EPA pointed to the Los Angeles Department of Water and Power’s (LADWP) Scattergood Modernization project that includes plans to have a hydrogen-ready combustion turbine in place when the 346 MW combined cycle plant (potential for up to 830 MW) begins initial operations in 2029. LADWP foresees the plant running on 100% electrolytic hydrogen by 2035. 

In addition, LADWP also has an agreement in place to buy electricity from the Intermountain Power Agency project (IPA) in Utah. IPA is replacing an existing 1.8 GW coal- fired plant with an 840 MW combined cycle turbine that developers expect to initially co-fire 30% electrolytic hydrogen in 2025 and 100% hydrogen by 2045.

In Florida, NextEra Energy announced plans to operate 16 GW of existing natural gas-fired combustion turbines with electrolytic hydrogen as part of the utility’s Zero Carbon Blueprint to be carbon-free by 2045.

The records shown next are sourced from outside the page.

(* Let $H$ be a finite simple graph on $n$ vertices, and let $KH_1,KH_2,\ldots,KH_s$ be the replication cliques of $H$ (in some chosen order), of sizes $y_1,\ldots,y_s\ge 1$. For $i=1,\ldots,s$ let $n_i$ denote the number of non-edges between a (any) vertex of $KH_i$ and the vertices of $KH_1\cup\cdots\cup KH_{i-1}$. Then $$\rho(H) \leq n+ \sum_{i=1}^s n_i.$$ Moreover, among all orderings of the replication cliques, the right-hand side is smallest when the ordering satisfies $y_1 \le y_2 \le \cdots \le y_s$.
   Context: All graphs are finite and simple. A coloring means a proper vertex coloring; an induced subgraph is rainbow if all its vertices have pairwise different colors. For a graph $H$, $\rho(H)$ is the least number $m$ such that there exists a graph $G$ on $m$ vertices such that every proper vertex coloring of $G$ contains a rainbow induced subgraph isomorphic to $H$. On $V(H)$ define $x\sim y$ iff $x=y$, or $xy$ is an edge of $H$ and $x,y$ have exactly the same neighbors in $H-\{x,y\}$; this is an equivalence relation whose classes are cliques, called the replication cliques of $H$. Since vertices in one replication clique have the same neighbors outside it, $n_i$ does not depend on the choice of vertex in $KH_i$. A non-edge is a pair of distinct non-adjacent vertices. *)

theory Defs
  imports Main
begin

definition simple_graph :: "'a set \<Rightarrow> ('a \<Rightarrow> 'a \<Rightarrow> bool) \<Rightarrow> bool" where
  "simple_graph V E \<longleftrightarrow> finite V \<and> (\<forall>x y. E x y \<longrightarrow> x \<in> V \<and> y \<in> V)
     \<and> (\<forall>x y. E x y \<longrightarrow> E y x) \<and> (\<forall>x. \<not> E x x)"
text \<open>The encoding is irrelevant here: \<open>F_space_le_floor_log_card\<close> re-encodes the states.\<close>

definition window_dfa :: "'a list set \<Rightarrow> 'a \<Rightarrow> nat \<Rightarrow> ('a list, 'a) dfa" where
  "window_dfa L a n =
     \<lparr>states = window_prefixes L n,
      init = longest_suffix (window_prefixes L n) (replicate n a),
      delta = (\<lambda>q c. longest_suffix (window_prefixes L n) (q @ [c])),
      final = {q \<in> L. length q = n}, enc = (\<lambda>_. [])\<rparr>"

lemma run_window_dfa:
  "run (window_dfa L a n) w = longest_suffix (window_prefixes L n) (replicate n a @ w)"
proof (induction w rule: rev_induct)
  case (snoc c w)
  let ?Q = "window_prefixes L n"
  have "longest_suffix ?Q ((replicate n a @ w) @ [c])
      = longest_suffix ?Q (longest_suffix ?Q (replicate n a @ w) @ [c])"
    by (rule longest_suffix_snoc, rule Nil_in_window_prefixes, erule window_prefixes_butlast_closed)
  with snoc show ?case by (simp add: run_snoc window_dfa_def)
qed (simp add: run_def window_dfa_def)

lemma longest_suffix_window_prefixes_iff:
  assumes "n \<le> length z"
  shows "longest_suffix (window_prefixes L n) z \<in> {q \<in> L. length q = n}
    \<longleftrightarrow> drop (length z - n) z \<in> L"
    (is "?s \<in> _ \<longleftrightarrow> ?d \<in> L")
proof -
  have length_d: "length ?d = n" using assms by simp
  have s: "?s \<in> window_prefixes L n" "suffix ?s z"
    by (simp_all add: longest_suffix_in suffix_longest_suffix Nil_in_window_prefixes)
  show ?thesis
  proof
    assume s_final: "?s \<in> {q \<in> L. length q = n}"
    then have "?s = ?d" using suffix_same_length_eq[OF s(2) suffix_drop[of "length z - n" z]] length_d by simp
    with s_final show "?d \<in> L" by simp
  next
    assume "?d \<in> L"
    with length_d have "?d \<in> window_prefixes L n" unfolding window_prefixes_def by auto
    then have "length ?d \<le> length ?s"
      using length_le_longest_suffix[OF Nil_in_window_prefixes] suffix_drop by blast
    with length_d length_window_prefixes_le[OF s(1)] have "length ?s = n" by simp
    then have "?s = ?d" using suffix_same_length_eq[OF s(2) suffix_drop[of "length z - n" z]] length_d by simp
    with \<open>?d \<in> L\<close> \<open>length ?s = n\<close> show "?s \<in> {q \<in> L. length q = n}" by simp
  qed
qed

lemma last_win_eq_drop: "last_win a n w = drop (length w) (replicate n a @ w)"
  by (simp add: last_win_def)

lemma accepted_window_dfa: "accepted (window_dfa L a n) = {w. last_win a n w \<in> L}"
proof (rule set_eqI)
  fix w
  let ?z = "replicate n a @ w"
  have "w \<in> accepted (window_dfa L a n)
      \<longleftrightarrow> longest_suffix (window_prefixes L n) ?z \<in> {q \<in> L. length q = n}"
    unfolding accepted_def run_window_dfa by (simp add: window_dfa_def)
  also have "\<dots> \<longleftrightarrow> drop (length ?z - n) ?z \<in> L"
    by (rule longest_suffix_window_prefixes_iff) simp
  finally show "w \<in> accepted (window_dfa L a n) \<longleftrightarrow> w \<in> {w. last_win a n w \<in> L}"
    by (simp add: last_win_eq_drop)
qed

lemma F_space_le_growth:
  fixes L :: "('a::finite) list set"
  shows "F_space L a n \<le> enat (Suc (floor_log (Suc (growth L n * Suc n))))"
proof -
  let ?A = "window_dfa L a n"
  have "F_space L a n \<le> enat (Suc (floor_log (card (states ?A))))"
  proof (rule F_space_le_floor_log_card[OF _ _ _ accepted_window_dfa])
    show "finite (states ?A)"
      by (simp add: window_dfa_def finite_window_prefixes)
  qed (simp_all add: window_dfa_def longest_suffix_in Nil_in_window_prefixes)
  also have "\<dots> \<le> enat (Suc (floor_log (Suc (growth L n * Suc n))))"
    using card_window_prefixes_le[of L n] by (simp add: window_dfa_def floor_log_le_iff)
  finally show ?thesis .
qed
(* For integers $n\ge 2$ and $0\le k\le n-1$, let $\mathrm{TH}_k:\{0,1\}^n\rightarrow\{0,1\}$ be defined by $\mathrm{TH}_k(x)=1$ iff $|x|>k$, where $|x|$ is the Hamming weight. Then $UC(\mathrm{TH}_k)=UQ(\mathrm{TH}_k)=1$, and $WUC(\mathrm{TH}_k)=WUQ(\mathrm{TH}_k)=\Theta(\log n)$, i.e. there are constants $c_1,c_2>0$ (independent of $n,k$) such that $c_1\log n\le WUQ(\mathrm{TH}_k)\le WUC(\mathrm{TH}_k)\le c_2\log n$ for all sufficiently large $n$ and all $0\le k\le n-1$.
   Context: Query model: a classical randomized query algorithm adaptively queries input bits $x_i$ (each query costs one) and outputs a bit; a quantum query algorithm alternates input-independent unitaries with the oracle $O_x:|i,b,z\rangle\mapsto|i,b\oplus x_i,z\rangle$ and measures an output bit. $UQ(f)$ (resp. $UC(f)$) is the minimum number of queries of a quantum (resp. classical randomized) algorithm that on every input outputs $f(x)$ with probability strictly greater than $1/2$. For an algorithm whose minimum over inputs of the success probability is $p>1/2$, its bias is $\beta=p-1/2$ and its weakly unbounded cost is (number of queries) $+\log(1/(2\beta))$; $WUQ(f)$ (resp. $WUC(f)$) is the minimum weakly unbounded cost over quantum (resp. classical randomized) algorithms. $\log$ is base 2. *)

theory Defs
  imports "HOL-Probability.Probability" "Jordan_Normal_Form.Schur_Decomposition"
begin

definition inputs :: "nat \<Rightarrow> bool list set" where
  "inputs n = {x. length x = n}"

definition TH :: "nat \<Rightarrow> bool list \<Rightarrow> bool" where
  "TH k x = (count_list x True > k)"

datatype dtree = Leaf bool | Query nat dtree dtree

fun dt_eval :: "dtree \<Rightarrow> bool list \<Rightarrow> bool" where
  "dt_eval (Leaf b) x = b"
| "dt_eval (Query i t0 t1) x = (if x ! i then dt_eval t1 x else dt_eval t0 x)"

fun dt_depth :: "dtree \<Rightarrow> nat" where
  "dt_depth (Leaf b) = 0"
| "dt_depth (Query i t0 t1) = Suc (max (dt_depth t0) (dt_depth t1))"

fun dt_vars :: "dtree \<Rightarrow> nat set" where
  "dt_vars (Leaf b) = {}"
| "dt_vars (Query i t0 t1) = insert i (dt_vars t0 \<union> dt_vars t1)"

definition cl_alg :: "nat \<Rightarrow> nat \<Rightarrow> dtree pmf \<Rightarrow> bool" where
  "cl_alg n q D \<longleftrightarrow> (\<forall>T\<in>set_pmf D. dt_depth T \<le> q \<and> dt_vars T \<subseteq> {..<n})"

definition cl_succ :: "dtree pmf \<Rightarrow> (bool list \<Rightarrow> bool) \<Rightarrow> bool list \<Rightarrow> real" where
  "cl_succ D f x = measure_pmf.prob D {T. dt_eval T x = f x}"

definition cl_min_succ :: "nat \<Rightarrow> (bool list \<Rightarrow> bool) \<Rightarrow> dtree pmf \<Rightarrow> real" where
  "cl_min_succ n f D = Min ((\<lambda>x. cl_succ D f x) ` inputs n)"

definition UC :: "nat \<Rightarrow> (bool list \<Rightarrow> bool) \<Rightarrow> nat" where
  "UC n f = (LEAST q. \<exists>D. cl_alg n q D \<and> (\<forall>x\<in>inputs n. cl_succ D f x > 1/2))"

definition WUC :: "nat \<Rightarrow> (bool list \<Rightarrow> bool) \<Rightarrow> real" where
  "WUC n f = Inf {real q + log 2 (1 / (2 * (cl_min_succ n f D - 1/2))) | q D.
                   cl_alg n q D \<and> cl_min_succ n f D > 1/2}"

text \<open>State space: basis |i,b,z> with i<n, b<2, z<m, encoded as i*(2*m) + b*m + z;
dimension n*2*m.\<close>

definition qdim :: "nat \<Rightarrow> nat \<Rightarrow> nat" where
  "qdim n m = n * 2 * m"

definition qop_perm :: "nat \<Rightarrow> bool list \<Rightarrow> nat \<Rightarrow> nat" where
  "qop_perm m x e =
     (if x ! (e div (2 * m))
      then (if (e mod (2 * m)) div m = 0 then e + m else e - m)
      else e)"

text \<open>Query operator O_x : |i,b,z> -> |i, b xor x_i, z>.\<close>
definition qop :: "nat \<Rightarrow> nat \<Rightarrow> bool list \<Rightarrow> complex mat" where
  "qop n m x = mat (qdim n m) (qdim n m)
     (\<lambda>(r, c). if r = qop_perm m x c then 1 else 0)"

definition is_unitary :: "nat \<Rightarrow> complex mat \<Rightarrow> bool" where
  "is_unitary d U \<longleftrightarrow> U \<in> carrier_mat d d \<and> mat_adjoint U * U = 1\<^sub>m d"

fun qrun :: "complex mat \<Rightarrow> complex mat list \<Rightarrow> complex Matrix.vec \<Rightarrow> complex Matrix.vec" where
  "qrun Ox [] v = v"
| "qrun Ox [U] v = mult_mat_vec U v"
| "qrun Ox (U # U' # Us) v = qrun Ox (U' # Us) (mult_mat_vec Ox (mult_mat_vec U v))"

Duke Energy Corp., which operates 33 gas-fired plants across the Midwest, the Carolinas, and Florida, has outlined plans for full hydrogen capabilities throughout its future turbine fleet. EPA quoted a utility statement that said, “All natural gas units built after 2030 are assumed to be convertible to full hydrogen capability. After 2040, only peaking units that are fully hydrogen capable are assumed to be built.”

In addition to those utility announcements, several merchant generators operating in wholesale markets are also signaling their intent to ramp up hydrogen co-firing levels after initial 30% percent co-firing phases. 

The Cricket Valley Energy Center (CVEC) in New York is retrofitting its combined cycle power plant starting in 2022 as a first step toward the conversion to a 100% hydrogen fuel capable plant. 

The Long Ridge Energy Terminal in Ohio, which has co-fired a 5% hydrogen blend at its 485 MW combined cycle plant, said that its technology has the capability to transition to 100% hydrogen over time as its low-GHG fuel supply becomes available.

EPA also said that Constellation Energy also is exploring electrolytic hydrogen co-firing across its fleet. It estimated costs for blend levels in the range of 60-100% at around $100/kW for retrofits and noted that equipment manufacturers are planning 100% hydrogen combustion-ready turbines before 2030.